# Data Preparation Pipeline

This notebook prepares the dataset for training the code clone detection system by:
1. Filtering BigCloneBench (BCB) data
2. Extracting code fragments
3. Normalizing fragments
4. Creating unified dataset

**Pipeline Steps:**
- `01_filter_bcb.py`: Filters BCB dataset for clone types 1, 2, and 3
- `02_extract_fragments.py`: Extracts method fragments using Tree-sitter
- `03_normalize.py`: Normalizes code with blind renaming
- `04_create_unified.py`: Creates unified training dataset

## Step 1: Import Required Libraries

In [None]:
import sys
import os
from pathlib import Path
import pandas as pd
import json

# Add project root to path
BASE_DIR = Path.cwd()
sys.path.append(str(BASE_DIR))

print(f"Working directory: {BASE_DIR}")
print("✓ Libraries imported successfully")

## Step 2: Filter BCB Dataset

Filter the BigCloneBench dataset to keep clone types 1, 2, and 3, remove missing code, and generate method IDs.

In [None]:
# Import the script as a module
from datasets.scripts import filter_bcb as step1

# Run the filtering
print("="*60)
print("STEP 1: FILTERING BCB DATASET")
print("="*60)
step1.main()

# Verify output
csv_path = BASE_DIR / "datasets" / "processing" / "bcb_filtered.csv"
if csv_path.exists():
    df = pd.read_csv(csv_path)
    print(f"\n✓ Filtered dataset created: {len(df)} pairs")
    print(f"  Clone type distribution:")
    print(df['clone_type'].value_counts())
else:
    print("✗ Error: Filtered dataset not created")

## Step 3: Extract Code Fragments

Parse Java files and extract method-level code fragments using Tree-sitter.

In [None]:
from datasets.scripts import extract_fragments as step2

print("="*60)
print("STEP 2: EXTRACTING CODE FRAGMENTS")
print("="*60)
step2.main()

# Verify output
jsonl_path = BASE_DIR / "datasets" / "processing" / "fragments.jsonl"
if jsonl_path.exists():
    with open(jsonl_path, 'r') as f:
        fragments = [json.loads(line) for line in f]
    print(f"\n✓ Extracted {len(fragments)} fragments")
    print(f"  Sample fragment keys: {list(fragments[0].keys()) if fragments else 'None'}")
else:
    print("✗ Error: Fragments file not created")

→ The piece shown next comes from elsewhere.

(* Consider the gossip dynamics with stubborn agents and block communication probabilities described in the context (with $0<n_{r1}\le n_1$, $0<n_{r2}\le n_2$, $n_{r1}+n_{r2}<n$, $w_s,w_d>0$, $w_s\neq w_d$, $w_s(n_1^2+n_2^2)+2w_dn_1n_2=1$, and fixed stubborn initial vector $x^s(0)$). Then: (i) $x^r(t)$ converges in distribution to a unique invariant distribution; (ii) for any fixed initial vector $x(0)$, $I-\bar A$ is invertible, $$\lim_{t\to\infty}\mathbb{E}\{x^r(t)\}=(I-\bar A)^{-1}\bar B x^s(0)=:\mathbf{x}^r,$$ and $$\lim_{t\to\infty}\frac1t\sum_{i=0}^{t-1}x^r(i)=\mathbf{x}^r\quad\text{almost surely}.$$
   Context: Agents $\mathcal{V}=\{1,\dots,n\}$, $n=n_1+n_2$, form two communities $\mathcal{V}_1=\{1,\dots,n_1\}$, $\mathcal{V}_2=\{n_1+1,\dots,n\}$; community $k$ consists of $n_{rk}$ regular agents $\mathcal{V}_{rk}$ and $n_{sk}=n_k-n_{rk}$ stubborn agents $\mathcal{V}_{sk}$; $\mathcal{V}_r=\mathcal{V}_{r1}\cup\mathcal{V}_{r2}$, $\mathcal{V}_s=\mathcal{V}_{s1}\cup\mathcal{V}_{s2}$. Let $w_{ij}=w_s$ if $i,j$ are in the same community and $w_{ij}=w_d$ otherwise. For $i,j\in\mathcal{V}$ define $R^{ij}=I-\frac12(\mathbf{e}_i-\mathbf{e}_j)(\mathbf{e}_i-\mathbf{e}_j)^T$ if $i,j\in\mathcal{V}_r$; $R^{ij}=I-\frac12\mathbf{e}_i(\mathbf{e}_i-\mathbf{e}_j)^T$ if $i\in\mathcal{V}_r,j\in\mathcal{V}_s$; $R^{ij}=I-\frac12\mathbf{e}_j(\mathbf{e}_j-\mathbf{e}_i)^T$ if $i\in\mathcal{V}_s,j\in\mathcal{V}_r$; $R^{ij}=I$ if $i,j\in\mathcal{V}_s$. At each time $t\in\mathbb{N}$, independently of the past, an ordered pair $(i,j)$ is drawn with probability $w_{ij}$ and $R(t)=R^{ij}$; states evolve by $x(t+1)=R(t)x(t)$ from fixed $x(0)$. With $x^r(t)$, $x^s(t)$ the stacked states of regular and stubborn agents, $x^s(t)\equiv x^s(0)$ and $x^r(t+1)=A(t)x^r(t)+B(t)x^s(t)$, where $(A(t)\ B(t))$ are the rows of $R(t)$ indexed by regular agents, columns split into regular ($A(t)$) and stubborn ($B(t)$) agents. $\bar A=\mathbb{E}\{A(t)\}$, $\bar B=\mathbb{E}\{B(t)\}$. *)

theory Defs
  imports "HOL-Probability.Probability" "HOL-Analysis.Analysis"
begin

## Step 4: Normalize Code Fragments

Apply blind renaming to normalize identifiers and literals.

In [None]:
from datasets.scripts import normalize as step3

print("="*60)
print("STEP 3: NORMALIZING FRAGMENTS")
print("="*60)
step3.main()

# Verify output
norm_path = BASE_DIR / "datasets" / "processing" / "fragments_normalized.jsonl"
if norm_path.exists():
    with open(norm_path, 'r') as f:
        normalized = [json.loads(line) for line in f]
    print(f"\n✓ Normalized {len(normalized)} fragments")
    if normalized:
        print(f"  Sample normalized code: {normalized[0].get('normalized_code', '')[:100]}...")
else:
    print("✗ Error: Normalized fragments file not created")

## Step 5: Create Unified Training Dataset

Create a unified dataset combining BCB and CodeNet data with train/validation/test splits.

In [None]:
from datasets.scripts import create_unified as step4

print("="*60)
print("STEP 4: CREATING UNIFIED DATASET")
print("="*60)
step4.main()

# Verify output
unified_dir = BASE_DIR / "datasets" / "processing" / "unified"
if unified_dir.exists():
    files = list(unified_dir.glob("*.parquet"))
    print(f"\n✓ Created unified dataset with {len(files)} files:")
    for f in sorted(files):
        df_temp = pd.read_parquet(f)
        print(f"  - {f.name}: {len(df_temp)} rows")
else:
    print("✗ Error: Unified dataset directory not created")

## Summary

Data preparation pipeline completed! The following files have been created:

1. **bcb_filtered.csv**: Filtered clone pairs
2. **fragments.jsonl**: Extracted code fragments
3. **fragments_normalized.jsonl**: Normalized fragments
4. **unified/*.parquet**: Training datasets for all tiers

You can now proceed to training notebooks.